* **What you need to do**
The response should contain only those lines of the entries below that include the string "False".

* **Information**
(* Let $D$ be a division algebra and let $\sigma\in\mathrm{Aut}(D)$ be of infinite inner order. Then the tuple $(\sigma,\sigma^{-1})$ is not automorphically normalizable over $D$.
   Context: All rings are associative with unity. An automorphism $\sigma$ of $D$ has finite inner order if $\sigma^k$ is an inner automorphism $r\mapsto crc^{-1}$ ($c\in D^\times$) for some positive integer $k$; otherwise it has infinite inner order. For commuting automorphisms $\sigma_1,\ldots,\sigma_n$ of $D$, $D[t_1,\ldots,t_n;\sigma_1,\ldots,\sigma_n]$ is the skew polynomial ring in pairwise commuting variables with $t_ia=\sigma_i(a)t_i$ for $a\in D$. For a ring $S\supseteq D$, $a\in S$ is automorphic over $D$ with respect to $\tau$ if $ab=\tau(b)a$ for all $b\in D$. Commuting $a_1,\ldots,a_m\in S$ are (left) algebraically independent over $D$ if monomials in them are left linearly independent over $D$. $S$ is automorphically normalizable over $D$ if there exist $m\ge0$ and commuting $a_1,\ldots,a_m\in S$, automorphic over $D$ with respect to pairwise commuting automorphisms, left algebraically independent over $D$, such that $S$ is finitely generated as a left module over the subring $D[a_1,\ldots,a_m]$ generated by $D\cup\{a_1,\ldots,a_m\}$. A tuple $(\sigma_1,\ldots,\sigma_n)$ is automorphically normalizable over $D$ if every quotient of $D[t_1,\ldots,t_n;\sigma_1,\ldots,\sigma_n]$ by a proper two-sided ideal is automorphically normalizable over $D$. *)

theory Defs
  imports Main "HOL-Algebra.Algebra"
begin

definition ring_aut :: "('a::division_ring \<Rightarrow> 'a) \<Rightarrow> bool" where
  "ring_aut f \<longleftrightarrow> bij f \<and> (\<forall>x y. f (x + y) = f x + f y) \<and>
     (\<forall>x y. f (x * y) = f x * f y) \<and> f 1 = 1"

definition inner_aut :: "('a::division_ring \<Rightarrow> 'a) \<Rightarrow> bool" where
  "inner_aut f \<longleftrightarrow> (\<exists>c. c \<noteq> 0 \<and> (\<forall>r. f r = c * r * inverse c))"

definition infinite_inner_order :: "('a::division_ring \<Rightarrow> 'a) \<Rightarrow> bool" where
  "infinite_inner_order f \<longleftrightarrow> (\<forall>k::nat. k > 0 \<longrightarrow> \<not> inner_aut (f ^^ k))"

definition exps :: "nat \<Rightarrow> (nat \<Rightarrow> nat) set" where
  "exps n = {\<alpha>. \<forall>i\<ge>n. \<alpha> i = 0}"

definition sig_pow :: "('a \<Rightarrow> 'a) list \<Rightarrow> (nat \<Rightarrow> nat) \<Rightarrow> 'a \<Rightarrow> 'a" where
  "sig_pow \<sigma>s \<alpha> = foldr (\<lambda>i f. (\<sigma>s ! i ^^ \<alpha> i) \<circ> f) [0..<length \<sigma>s] id"

text \<open>A polynomial is the finitely supported coefficient function p, representing
  the sum of p(alpha) t^alpha with coefficients on the left; the multiplication
  is determined by t^alpha a = sigma^alpha(a) t^alpha and t^alpha t^beta = t^(alpha+beta).\<close>
definition skew_mult ::
  "('a::division_ring \<Rightarrow> 'a) list \<Rightarrow> ((nat \<Rightarrow> nat) \<Rightarrow> 'a) \<Rightarrow> ((nat \<Rightarrow> nat) \<Rightarrow> 'a) \<Rightarrow> (nat \<Rightarrow> nat) \<Rightarrow> 'a" where
  "skew_mult \<sigma>s p q \<gamma> = (if \<gamma> \<in> exps (length \<sigma>s) then
      (\<Sum>\<alpha>\<in>{\<alpha>. \<alpha> \<le> \<gamma>}. p \<alpha> * sig_pow \<sigma>s \<alpha> (q (\<lambda>i. \<gamma> i - \<alpha> i)))
    else 0)"

definition skew_poly_ring ::
  "('a::division_ring \<Rightarrow> 'a) list \<Rightarrow> ((nat \<Rightarrow> nat) \<Rightarrow> 'a) ring" where
  "skew_poly_ring \<sigma>s = \<lparr>
     carrier = {p. finite {\<alpha>. p \<alpha> \<noteq> 0} \<and> (\<forall>\<alpha>. p \<alpha> \<noteq> 0 \<longrightarrow> \<alpha> \<in> exps (length \<sigma>s))},
     monoid.mult = skew_mult \<sigma>s,
     one = (\<lambda>\<alpha>. if \<alpha> = (\<lambda>_. 0) then 1 else 0),
     ring.zero = (\<lambda>_. 0),
     ring.add = (\<lambda>p q \<alpha>. p \<alpha> + q \<alpha>) \<rparr>"

definition skew_const :: "'a::division_ring \<Rightarrow> (nat \<Rightarrow> nat) \<Rightarrow> 'a" where
  "skew_const d = (\<lambda>\<alpha>. if \<alpha> = (\<lambda>_. 0) then d else 0)"

definition monom_in :: "('b, 'c) ring_scheme \<Rightarrow> (nat \<Rightarrow> 'b) \<Rightarrow> nat \<Rightarrow> (nat \<Rightarrow> nat) \<Rightarrow> 'b" where
  "monom_in S a m \<beta> = foldr (\<lambda>i acc. (a i [^]\<^bsub>S\<^esub> \<beta> i) \<otimes>\<^bsub>S\<^esub> acc) [0..<m] \<one>\<^bsub>S\<^esub>"

definition automorphic_over :: "('b, 'c) ring_scheme \<Rightarrow> ('a \<Rightarrow> 'b) \<Rightarrow> 'b \<Rightarrow> ('a \<Rightarrow> 'a) \<Rightarrow> bool" where
  "automorphic_over S \<iota> x \<tau> \<longleftrightarrow> (\<forall>b. x \<otimes>\<^bsub>S\<^esub> \<iota> b = \<iota> (\<tau> b) \<otimes>\<^bsub>S\<^esub> x)"

definition left_alg_indep :: "('b, 'c) ring_scheme \<Rightarrow> ('a::division_ring \<Rightarrow> 'b) \<Rightarrow> nat \<Rightarrow> (nat \<Rightarrow> 'b) \<Rightarrow> bool" where
  "left_alg_indep S \<iota> m a \<longleftrightarrow>
     (\<forall>B c. finite B \<and> B \<subseteq> exps m \<and>
        finsum S (\<lambda>\<beta>. \<iota> (c \<beta>) \<otimes>\<^bsub>S\<^esub> monom_in S a m \<beta>) B = \<zero>\<^bsub>S\<^esub>
        \<longrightarrow> (\<forall>\<beta>\<in>B. c \<beta> = 0))"

definition fin_gen_left_module :: "('b, 'c) ring_scheme \<Rightarrow> 'b set \<Rightarrow> bool" where
  "fin_gen_left_module S A \<longleftrightarrow>
     (\<exists>G. finite G \<and> G \<subseteq> carrier S \<and>
        (\<forall>s\<in>carrier S. \<exists>c. (\<forall>g\<in>G. c g \<in> A) \<and> s = finsum S (\<lambda>g. c g \<otimes>\<^bsub>S\<^esub> g) G))"

definition aut_normalizable :: "('b, 'c) ring_scheme \<Rightarrow> ('a::division_ring \<Rightarrow> 'b) \<Rightarrow> bool" where
  "aut_normalizable S \<iota> \<longleftrightarrow>
     (\<exists>m a \<tau>. (\<forall>i<m. a i \<in> carrier S) \<and>
        (\<forall>i<m. \<forall>j<m. a i \<otimes>\<^bsub>S\<^esub> a j = a j \<otimes>\<^bsub>S\<^esub> a i) \<and>
        (\<forall>i<m. ring_aut (\<tau> i)) \<and>
        (\<forall>i<m. \<forall>j<m. \<tau> i \<circ> \<tau> j = \<tau> j \<circ> \<tau> i) \<and>
        (\<forall>i<m. automorphic_over S \<iota> (a i) (\<tau> i)) \<and>
        left_alg_indep S \<iota> m a \<and>
        fin_gen_left_module S (generate_ring S (range \<iota> \<union> a ` {..<m})))"

definition tuple_aut_normalizable :: "('a::division_ring \<Rightarrow> 'a) list \<Rightarrow> bool" where
  "tuple_aut_normalizable \<sigma>s \<longleftrightarrow>
     (\<forall>I. ideal I (skew_poly_ring \<sigma>s) \<and> I \<noteq> carrier (skew_poly_ring \<sigma>s) \<longrightarrow>
        aut_normalizable (skew_poly_ring \<sigma>s Quot I)
          (\<lambda>d. I +>\<^bsub>skew_poly_ring \<sigma>s\<^esub> skew_const d))"

end

theory Submission
  imports Defs
begin

text \<open>
  Sending \<open>t\<^sub>1 \<mapsto> t\<close> and \<open>t\<^sub>2 \<mapsto> t\<^sup>-\<^sup>1\<close> maps \<open>D[t\<^sub>1, t\<^sub>2; \<sigma>, \<sigma>\<^sup>-\<^sup>1]\<close> onto the skew Laurent ring
  \<open>D[t, t\<^sup>-\<^sup>1; \<sigma>]\<close>, whose kernel is a proper ideal; so it suffices to show that the Laurent ring is
  not automorphically normalizable. If \<open>x b = \<tau>(b) x\<close> for all \<open>b \<in> D\<close>, the coefficients of \<open>x\<close>
  satisfy \<open>c\<^sub>k \<sigma>\<^sup>k(b) = \<tau>(b) c\<^sub>k\<close>, and two nonzero ones in degrees \<open>k < k'\<close> would make
  \<open>\<sigma>\<^bsup>k' - k\<^esup>\<close> inner; hence every automorphic element is a Laurent monomial \<open>c t\<^sup>d\<close>.
  Among the monomials in two such elements there are two different ones of the same degree, and these
  are left dependent over \<open>D\<close>. A single Laurent monomial of degree \<open>d\<close> generates together with \<open>D\<close>
  a ring living in the degrees \<open>\<nat> d\<close>, and a module finitely generated over it lives in the degrees
  \<open>\<nat> d + [-N, N]\<close> for some \<open>N\<close>, which misses \<open>t\<^sup>-\<^sup>N\<^sup>-\<^sup>1\<close> or \<open>t\<^sup>N\<^sup>+\<^sup>1\<close>.
\<close>

definition ring_endo :: "('a::ring_1 \<Rightarrow> 'a) \<Rightarrow> bool" where
  "ring_endo f \<longleftrightarrow> (\<forall>x y. f (x + y) = f x + f y) \<and> (\<forall>x y. f (x * y) = f x * f y) \<and> f 1 = 1"

lemma ring_endo_add: "ring_endo f \<Longrightarrow> f (x + y) = f x + f y"
  by (simp add: ring_endo_def)

lemma ring_endo_mult: "ring_endo f \<Longrightarrow> f (x * y) = f x * f y"
  by (simp add: ring_endo_def)

lemma ring_endo_one: "ring_endo f \<Longrightarrow> f 1 = 1"
  by (simp add: ring_endo_def)

lemma ring_endo_zero: "ring_endo f \<Longrightarrow> f 0 = 0"
  using ring_endo_add[of f 0 0] by simp

lemma ring_endo_sum: "ring_endo f \<Longrightarrow> f (sum g A) = (\<Sum>a\<in>A. f (g a))"
  by (induction A rule: infinite_finite_induct) (auto simp: ring_endo_zero ring_endo_add)

lemma ring_endo_id: "ring_endo id"
  by (simp add: ring_endo_def)

lemma ring_endo_comp: "ring_endo f \<Longrightarrow> ring_endo g \<Longrightarrow> ring_endo (f \<circ> g)"
  by (simp add: ring_endo_def)

lemma ring_endo_funpow: "ring_endo f \<Longrightarrow> ring_endo (f ^^ n)"
  by (induction n) (simp_all add: ring_endo_id ring_endo_comp)

lemma ring_endo_inv:
  assumes "bij f" "ring_endo f"
  shows "ring_endo (inv_into UNIV f)"
proof -
  let ?g = "inv_into UNIV f"
  have "?g (f x) = x" for x
    using assms(1) by (simp add: bij_is_inj)
  moreover have "f (?g y) = y" for y
    using assms(1) by (simp add: bij_is_surj f_inv_into_f)
  ultimately show ?thesis
    unfolding ring_endo_def
    by (metis ring_endo_add[OF assms(2)] ring_endo_mult[OF assms(2)] ring_endo_one[OF assms(2)])
qed

lemma nat_combinations_collide:
  fixes d0 d1 :: int
  obtains u v u' v' :: nat
  where "(u, v) \<noteq> (u', v')" "int u * d0 + int v * d1 = int u' * d0 + int v' * d1"
proof (cases "d0 = 0")
  case True
  then show ?thesis
    using that[of 1 0 0 0] by simp
next
  case False
  show ?thesis
  proof (cases "d0 * d1 \<le> 0")
    case True
    then have "\<bar>d1\<bar> * d0 + \<bar>d0\<bar> * d1 = 0"
      by (simp add: abs_if mult_le_0_iff) arith
    then show ?thesis
      using that[of "nat \<bar>d1\<bar>" "nat \<bar>d0\<bar>" 0 0] \<open>d0 \<noteq> 0\<close> by simp
  next
    case False
    then have "\<bar>d1\<bar> * d0 = \<bar>d0\<bar> * d1"
      by (simp add: abs_if mult_le_0_iff) arith
    then show ?thesis
      using that[of "nat \<bar>d1\<bar>" 0 0 "nat \<bar>d0\<bar>"] \<open>d0 \<noteq> 0\<close> by simp
  qed
qed

lemma nat_multiples_plus_interval_miss:
  fixes e N :: int
  obtains k where "k \<notin> {j + i | j i. j \<in> range (\<lambda>u::nat. int u * e) \<and> i \<in> {- N..N}}"
proof
  let ?k = "if 0 \<le> e then - (N + 1) else N + 1"
  show "?k \<notin> {j + i | j i. j \<in> range (\<lambda>u::nat. int u * e) \<and> i \<in> {- N..N}}"
  proof
    assume "?k \<in> {j + i | j i. j \<in> range (\<lambda>u::nat. int u * e) \<and> i \<in> {- N..N}}"
    then obtain u i where u: "?k = int u * e + i" "- N \<le> i" "i \<le> N"
      by auto
    show False
    proof (cases "0 \<le> e")
      case True
      then have "0 \<le> int u * e" by simp
      with True u show False by simp
    next
      case False
      then have "int u * e \<le> 0" by (simp add: mult_nonneg_nonpos)
      with False u show False by simp
    qed
  qed
qed

lemma fin_gen_left_module_mono:
  assumes "A \<subseteq> B" and "fin_gen_left_module S A"
  shows "fin_gen_left_module S B"
proof -
  obtain G where "finite G" "G \<subseteq> carrier S"
    and span: "\<forall>s\<in>carrier S. \<exists>c. (\<forall>g\<in>G. c g \<in> A) \<and> s = finsum S (\<lambda>g. c g \<otimes>\<^bsub>S\<^esub> g) G"
    using assms(2) unfolding fin_gen_left_module_def by blast
  moreover have "\<forall>s\<in>carrier S. \<exists>c. (\<forall>g\<in>G. c g \<in> B) \<and> s = finsum S (\<lambda>g. c g \<otimes>\<^bsub>S\<^esub> g) G"
    using span assms(1) by blast
  ultimately show ?thesis
    unfolding fin_gen_left_module_def by blast
qed

lemma (in abelian_monoid) finsum_closed_subset:
  assumes "finite A" "f \<in> A \<rightarrow> H" "H \<subseteq> carrier G" "\<zero> \<in> H"
    and "\<And>x y. x \<in> H \<Longrightarrow> y \<in> H \<Longrightarrow> x \<oplus> y \<in> H"
  shows "finsum G f A \<in> H"
  using assms(1,2)
proof (induction A rule: finite_induct)
  case (insert x A)
  then have "f \<in> A \<rightarrow> carrier G" "f x \<in> carrier G"
    using assms(3) by auto
  with insert show ?case
    using assms(5) by (simp add: finsum_insert)
qed (simp add: assms(4))

lemma finite_le_exps:
  assumes "\<gamma> \<in> exps n"
  shows "finite {\<alpha>. \<alpha> \<le> \<gamma>}"
proof -
  have "inj_on (\<lambda>\<alpha>. restrict \<alpha> {..<n}) {\<alpha>. \<alpha> \<le> \<gamma>}"
  proof (rule inj_onI)
    fix \<alpha> \<beta> assume "\<alpha> \<in> {\<alpha>. \<alpha> \<le> \<gamma>}" and "\<beta> \<in> {\<alpha>. \<alpha> \<le> \<gamma>}"
      and eq: "restrict \<alpha> {..<n} = restrict \<beta> {..<n}"
    show "\<alpha> = \<beta>"
    proof
      fix i
      show "\<alpha> i = \<beta> i"
      proof (cases "i < n")
        case True
        then show ?thesis using fun_cong[OF eq, of i] by simp
      next
        case False
        then show ?thesis
          using assms \<open>\<alpha> \<in> {\<alpha>. \<alpha> \<le> \<gamma>}\<close> \<open>\<beta> \<in> {\<alpha>. \<alpha> \<le> \<gamma>}\<close> by (simp add: exps_def le_fun_def) (metis le_zero_eq not_less)
      qed
    qed
  qed
  moreover have "(\<lambda>\<alpha>. restrict \<alpha> {..<n}) ` {\<alpha>. \<alpha> \<le> \<gamma>} \<subseteq> PiE {..<n} (\<lambda>i. {..\<gamma> i})"
    by (intro image_subsetI) (auto simp: le_fun_def restrict_PiE_iff)
  then have "finite ((\<lambda>\<alpha>. restrict \<alpha> {..<n}) ` {\<alpha>. \<alpha> \<le> \<gamma>})"
    by (rule finite_subset) (simp add: finite_PiE)
  ultimately show ?thesis
    using finite_image_iff by blast
qed
(* Let $A_1,\dots,A_m\in\mathbb{R}^{n\times n}$ be real symmetric matrices and fix $t\ge1$. The map sending an ordered orthogonal simultaneous block decomposition $(V_1,\dots,V_t)$ of $A_1,\dots,A_m$ to $(\epsilon_1,\dots,\epsilon_t)$, where $\epsilon_j$ is the orthogonal projection of $\mathbb{R}^n$ onto $V_j$, is a bijection onto the set of ordered complete sets of $t$ orthogonal idempotents $(\epsilon_1,\dots,\epsilon_t)$ of $Z(A_1,\dots,A_m)$ in which every $\epsilon_j$ is symmetric ($\epsilon_j^T=\epsilon_j$). In particular, there exist an orthogonal matrix $Q\in\mathrm{O}_n(\mathbb{R})$ and positive integers $n_1,\dots,n_t$ with $\sum_j n_j=n$ such that every $Q^TA_iQ$ is block diagonal with diagonal blocks of sizes $n_1,\dots,n_t$ if and only if $Z(A_1,\dots,A_m)$ contains a complete set of $t$ orthogonal idempotents all of which are symmetric matrices.
   Context: The center is $Z(A_1,\dots,A_m)=\{X\in\mathbb{R}^{n\times n} : (A_iX)^T=A_iX \text{ for all } i\}$. An ordered orthogonal simultaneous block decomposition of length $t$ of $A_1,\dots,A_m$ is a $t$-tuple $(V_1,\dots,V_t)$ of nonzero subspaces of $\mathbb{R}^n$, pairwise orthogonal with respect to the standard inner product, with $\mathbb{R}^n=V_1\oplus\cdots\oplus V_t$ and $x^TA_iy=0$ for all $i$, all $j\neq l$, $x\in V_j$, $y\in V_l$. An ordered complete set of $t$ orthogonal idempotents of $Z(A_1,\dots,A_m)$ is a $t$-tuple of nonzero matrices $\epsilon_1,\dots,\epsilon_t\in Z(A_1,\dots,A_m)$ with $\epsilon_j^2=\epsilon_j$, $\epsilon_j\epsilon_l=0$ for $j\neq l$, and $\sum_j\epsilon_j=I_n$. *)

theory Defs
  imports "HOL-Analysis.Analysis"
begin

text \<open>Matrices in R^(n x n) are modelled as real^'n^'n for a finite index type 'n
  (n = CARD('n)). The family A_1..A_m is a function A :: nat => matrix, used for i < m.
  Tuples of length t are lists of length t.\<close>

definition center :: "(nat \<Rightarrow> real^'n^'n) \<Rightarrow> nat \<Rightarrow> (real^'n^'n) set" where
  "center A m = {X. \<forall>i<m. transpose (A i ** X) = A i ** X}"
lemma ratio_squares_inverse:
  fixes r :: rat
  assumes "r \<noteq> 0" "ratio_squares r"
  shows "ratio_squares (1/r)"
proof -
  obtain u v where hu: "u^2 = r^2 + r + 4" and hv: "v^2 = 4*r^2 + r + 1"
    using assms(2) unfolding ratio_squares_def by blast
  have "(v/r)^2 = (4*r^2 + r + 1)/r^2" "(u/r)^2 = (r^2 + r + 4)/r^2"
    by (simp_all add: power_divide hu hv)
  then have "(v/r)^2 = (1/r)^2 + 1/r + 4" "(u/r)^2 = 4*(1/r)^2 + 1/r + 1"
    using assms(1) by (simp_all add: field_simps power2_eq_square)
  then show ?thesis unfolding ratio_squares_def by blast
qed

lemma rat_square_ne_6: "(u::rat)^2 \<noteq> 6"
proof
  assume h: "u^2 = 6"
  obtain p q where pq: "quotient_of u = (p, q)" by (cases "quotient_of u")
  have q0: "q > 0" using pq by (rule quotient_of_denom_pos)
  have cop: "coprime p q" using pq by (rule quotient_of_coprime)
  have "u = of_int p / of_int q" using pq by (rule quotient_of_div)
  then have "(of_int p / of_int q :: rat)^2 = 6" using h by simp
  then have "(of_int p :: rat)^2 = 6 * (of_int q)^2" using q0 by (simp add: field_simps power_divide)
  then have e: "p^2 = 6*q^2" by (metis of_int_eq_iff of_int_mult of_int_numeral of_int_power)
  then have "even (p^2)" by simp
  then have ep: "even p" by simp
  then obtain k where "p = 2*k" by blast
  then have "2*k^2 = 3*q^2" using e by (simp add: power_mult_distrib)
  then have "even q" by (metis dvd_triv_left even_mult_iff odd_numeral even_power)
  then show False using cop ep by (metis coprime_common_divisor not_coprimeI odd_one)
qed

lemma not_ratio_squares_1: "\<not> ratio_squares 1"
  using rat_square_ne_6 unfolding ratio_squares_def by auto

section \<open>The curve W and its arc 4 < x < 76\<close>

definition on_W :: "rat \<Rightarrow> rat \<Rightarrow> bool" where
  "on_W x y \<longleftrightarrow> y^2 = x^3 + 63*x^2 + 96*x - 160"

definition W_arc :: "rat set" where
  "W_arc = {x. (\<exists>y. on_W x y) \<and> 4 < x \<and> x < 76}"

definition W_abscissae :: "rat \<Rightarrow> rat set" where
  "W_abscissae r =
    {8*t^2 + 28*t - 4*v*(1 - t^2) | t v. (1+r)*t^2 + 4*t - r = 0 \<and> v^2 = 4*r^2 + r + 1}"

lemma finite_quadratic_roots:
  fixes a b c :: "'a :: idom"
  assumes "a \<noteq> 0 \<or> b \<noteq> 0"
  shows "finite {t. a*t^2 + b*t + c = 0}"
proof -
  have "[:c, b, a:] \<noteq> 0" using assms by auto
  then have "finite {t. poly [:c, b, a:] t = 0}" by (rule poly_roots_finite)
  then show ?thesis by (simp add: algebra_simps power2_eq_square)
qed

* **Answer below**
  case False
    case False
    show False
      with True u show False by simp
      case False
      with False u show False by simp
        case False
  then show False using cop ep by (metis coprime_common_divisor not_coprimeI odd_one)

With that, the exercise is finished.